*** Data shown ***
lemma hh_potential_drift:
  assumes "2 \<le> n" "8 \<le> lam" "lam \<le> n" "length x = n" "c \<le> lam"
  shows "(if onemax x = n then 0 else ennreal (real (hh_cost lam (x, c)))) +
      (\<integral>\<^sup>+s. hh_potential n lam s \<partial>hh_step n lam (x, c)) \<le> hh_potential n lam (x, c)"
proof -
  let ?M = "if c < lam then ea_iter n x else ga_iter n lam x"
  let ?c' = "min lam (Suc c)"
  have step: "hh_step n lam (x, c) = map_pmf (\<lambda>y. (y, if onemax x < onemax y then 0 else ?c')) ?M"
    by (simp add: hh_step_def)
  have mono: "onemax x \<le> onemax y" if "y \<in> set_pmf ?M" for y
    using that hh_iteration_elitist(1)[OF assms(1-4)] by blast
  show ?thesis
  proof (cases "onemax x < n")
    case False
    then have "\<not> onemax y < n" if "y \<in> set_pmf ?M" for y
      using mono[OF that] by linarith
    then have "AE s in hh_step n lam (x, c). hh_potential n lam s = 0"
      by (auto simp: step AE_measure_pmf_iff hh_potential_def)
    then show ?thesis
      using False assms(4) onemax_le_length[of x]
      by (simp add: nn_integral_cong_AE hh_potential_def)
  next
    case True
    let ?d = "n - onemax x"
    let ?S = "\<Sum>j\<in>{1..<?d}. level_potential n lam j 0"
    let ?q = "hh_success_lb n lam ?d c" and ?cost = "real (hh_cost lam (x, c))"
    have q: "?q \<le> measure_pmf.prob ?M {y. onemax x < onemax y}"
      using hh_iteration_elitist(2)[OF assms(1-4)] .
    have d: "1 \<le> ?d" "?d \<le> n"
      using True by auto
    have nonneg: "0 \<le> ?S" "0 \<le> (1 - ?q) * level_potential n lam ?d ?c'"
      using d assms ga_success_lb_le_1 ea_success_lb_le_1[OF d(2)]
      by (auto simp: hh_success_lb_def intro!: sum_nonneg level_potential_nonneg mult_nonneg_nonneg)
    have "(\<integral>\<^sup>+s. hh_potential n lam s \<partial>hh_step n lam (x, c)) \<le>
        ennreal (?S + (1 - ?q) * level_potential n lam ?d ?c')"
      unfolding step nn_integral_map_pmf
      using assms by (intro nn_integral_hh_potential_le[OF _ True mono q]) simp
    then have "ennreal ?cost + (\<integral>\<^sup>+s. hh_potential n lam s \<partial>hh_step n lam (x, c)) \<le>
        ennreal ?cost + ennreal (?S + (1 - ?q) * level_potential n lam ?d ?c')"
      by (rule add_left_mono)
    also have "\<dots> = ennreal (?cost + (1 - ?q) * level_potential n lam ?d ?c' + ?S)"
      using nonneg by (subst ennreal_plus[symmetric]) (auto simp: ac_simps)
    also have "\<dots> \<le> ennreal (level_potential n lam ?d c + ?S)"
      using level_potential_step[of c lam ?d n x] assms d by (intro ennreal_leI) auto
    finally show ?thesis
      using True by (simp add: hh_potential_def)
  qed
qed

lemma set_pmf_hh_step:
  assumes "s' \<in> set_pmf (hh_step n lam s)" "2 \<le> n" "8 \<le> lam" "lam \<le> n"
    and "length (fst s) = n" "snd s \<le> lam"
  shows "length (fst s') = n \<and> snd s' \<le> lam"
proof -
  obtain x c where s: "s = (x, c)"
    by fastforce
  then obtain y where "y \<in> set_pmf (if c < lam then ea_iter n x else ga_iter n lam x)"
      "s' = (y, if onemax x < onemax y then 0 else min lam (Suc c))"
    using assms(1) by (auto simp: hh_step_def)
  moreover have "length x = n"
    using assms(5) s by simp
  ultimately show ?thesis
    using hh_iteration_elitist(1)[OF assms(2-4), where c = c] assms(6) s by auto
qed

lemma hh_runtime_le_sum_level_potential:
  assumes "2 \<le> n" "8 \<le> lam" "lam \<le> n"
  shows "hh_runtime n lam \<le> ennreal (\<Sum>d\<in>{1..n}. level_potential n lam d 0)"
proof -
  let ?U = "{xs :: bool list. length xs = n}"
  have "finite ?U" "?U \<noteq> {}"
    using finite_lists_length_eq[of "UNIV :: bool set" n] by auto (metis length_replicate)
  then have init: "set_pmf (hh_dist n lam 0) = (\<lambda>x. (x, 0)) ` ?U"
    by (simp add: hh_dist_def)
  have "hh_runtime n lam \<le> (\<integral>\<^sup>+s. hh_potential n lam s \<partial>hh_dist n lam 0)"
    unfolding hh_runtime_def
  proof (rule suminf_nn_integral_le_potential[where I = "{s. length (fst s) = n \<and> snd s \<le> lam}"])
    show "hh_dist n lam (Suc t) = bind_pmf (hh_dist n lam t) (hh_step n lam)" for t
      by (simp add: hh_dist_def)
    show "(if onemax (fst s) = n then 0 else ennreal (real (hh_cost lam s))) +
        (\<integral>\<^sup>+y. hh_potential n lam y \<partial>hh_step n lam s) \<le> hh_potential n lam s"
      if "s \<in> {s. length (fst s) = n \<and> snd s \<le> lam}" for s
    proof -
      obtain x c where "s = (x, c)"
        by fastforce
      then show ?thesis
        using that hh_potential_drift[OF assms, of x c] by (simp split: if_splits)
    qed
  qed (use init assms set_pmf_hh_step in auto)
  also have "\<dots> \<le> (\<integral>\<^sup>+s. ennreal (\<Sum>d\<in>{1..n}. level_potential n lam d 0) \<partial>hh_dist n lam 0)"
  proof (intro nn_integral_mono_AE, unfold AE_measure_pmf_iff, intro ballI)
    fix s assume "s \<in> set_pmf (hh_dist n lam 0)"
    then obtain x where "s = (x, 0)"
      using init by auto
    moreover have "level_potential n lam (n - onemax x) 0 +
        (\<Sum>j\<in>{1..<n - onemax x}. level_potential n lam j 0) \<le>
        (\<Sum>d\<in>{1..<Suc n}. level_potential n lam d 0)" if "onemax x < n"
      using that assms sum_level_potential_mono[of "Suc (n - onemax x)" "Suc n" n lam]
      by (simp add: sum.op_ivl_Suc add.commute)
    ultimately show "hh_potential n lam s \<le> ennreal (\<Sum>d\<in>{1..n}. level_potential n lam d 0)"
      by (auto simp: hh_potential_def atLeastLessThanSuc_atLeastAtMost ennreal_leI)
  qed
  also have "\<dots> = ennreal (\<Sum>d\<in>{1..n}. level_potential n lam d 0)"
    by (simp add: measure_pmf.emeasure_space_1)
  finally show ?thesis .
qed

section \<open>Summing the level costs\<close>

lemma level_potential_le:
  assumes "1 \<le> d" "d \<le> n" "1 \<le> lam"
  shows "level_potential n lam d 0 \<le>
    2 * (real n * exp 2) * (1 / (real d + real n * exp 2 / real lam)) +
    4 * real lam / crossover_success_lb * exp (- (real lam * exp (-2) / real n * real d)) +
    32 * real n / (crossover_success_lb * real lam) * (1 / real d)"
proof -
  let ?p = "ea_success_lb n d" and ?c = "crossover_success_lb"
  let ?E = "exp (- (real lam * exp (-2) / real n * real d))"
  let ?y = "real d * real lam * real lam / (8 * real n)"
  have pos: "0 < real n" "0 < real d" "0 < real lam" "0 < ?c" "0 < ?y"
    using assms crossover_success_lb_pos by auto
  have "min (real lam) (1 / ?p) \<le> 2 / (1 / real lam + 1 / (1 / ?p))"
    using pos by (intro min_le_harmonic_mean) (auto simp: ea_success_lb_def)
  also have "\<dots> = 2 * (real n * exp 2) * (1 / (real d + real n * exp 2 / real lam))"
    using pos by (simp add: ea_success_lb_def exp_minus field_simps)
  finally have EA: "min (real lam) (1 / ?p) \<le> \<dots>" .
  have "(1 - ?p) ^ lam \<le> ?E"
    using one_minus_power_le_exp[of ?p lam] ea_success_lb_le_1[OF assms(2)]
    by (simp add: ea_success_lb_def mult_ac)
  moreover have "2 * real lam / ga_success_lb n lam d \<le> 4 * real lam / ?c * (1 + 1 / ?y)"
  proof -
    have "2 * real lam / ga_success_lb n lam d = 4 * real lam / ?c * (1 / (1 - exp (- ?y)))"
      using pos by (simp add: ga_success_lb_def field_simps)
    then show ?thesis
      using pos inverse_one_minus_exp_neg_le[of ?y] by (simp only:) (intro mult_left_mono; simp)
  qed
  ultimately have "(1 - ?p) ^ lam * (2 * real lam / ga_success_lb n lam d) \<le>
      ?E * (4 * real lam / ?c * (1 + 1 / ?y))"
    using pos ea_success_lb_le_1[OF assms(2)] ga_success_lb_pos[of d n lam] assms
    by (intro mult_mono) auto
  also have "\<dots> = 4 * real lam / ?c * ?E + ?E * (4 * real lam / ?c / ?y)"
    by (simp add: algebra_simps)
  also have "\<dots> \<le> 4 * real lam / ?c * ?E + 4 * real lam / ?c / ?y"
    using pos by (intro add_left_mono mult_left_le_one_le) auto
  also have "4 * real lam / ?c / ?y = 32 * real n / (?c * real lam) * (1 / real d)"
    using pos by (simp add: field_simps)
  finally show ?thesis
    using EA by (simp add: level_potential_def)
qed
*** End of Data shown ***
__What to produce__: Each line from the start of the records through the line holding "by (simp add: hh_step_def)" must be returned exactly; nothing else belongs in the answer.

__Your response__:
lemma hh_potential_drift:
  assumes "2 \<le> n" "8 \<le> lam" "lam \<le> n" "length x = n" "c \<le> lam"
  shows "(if onemax x = n then 0 else ennreal (real (hh_cost lam (x, c)))) +
      (\<integral>\<^sup>+s. hh_potential n lam s \<partial>hh_step n lam (x, c)) \<le> hh_potential n lam (x, c)"
proof -
  let ?M = "if c < lam then ea_iter n x else ga_iter n lam x"
  let ?c' = "min lam (Suc c)"
  have step: "hh_step n lam (x, c) = map_pmf (\<lambda>y. (y, if onemax x < onemax y then 0 else ?c')) ?M"
    by (simp add: hh_step_def)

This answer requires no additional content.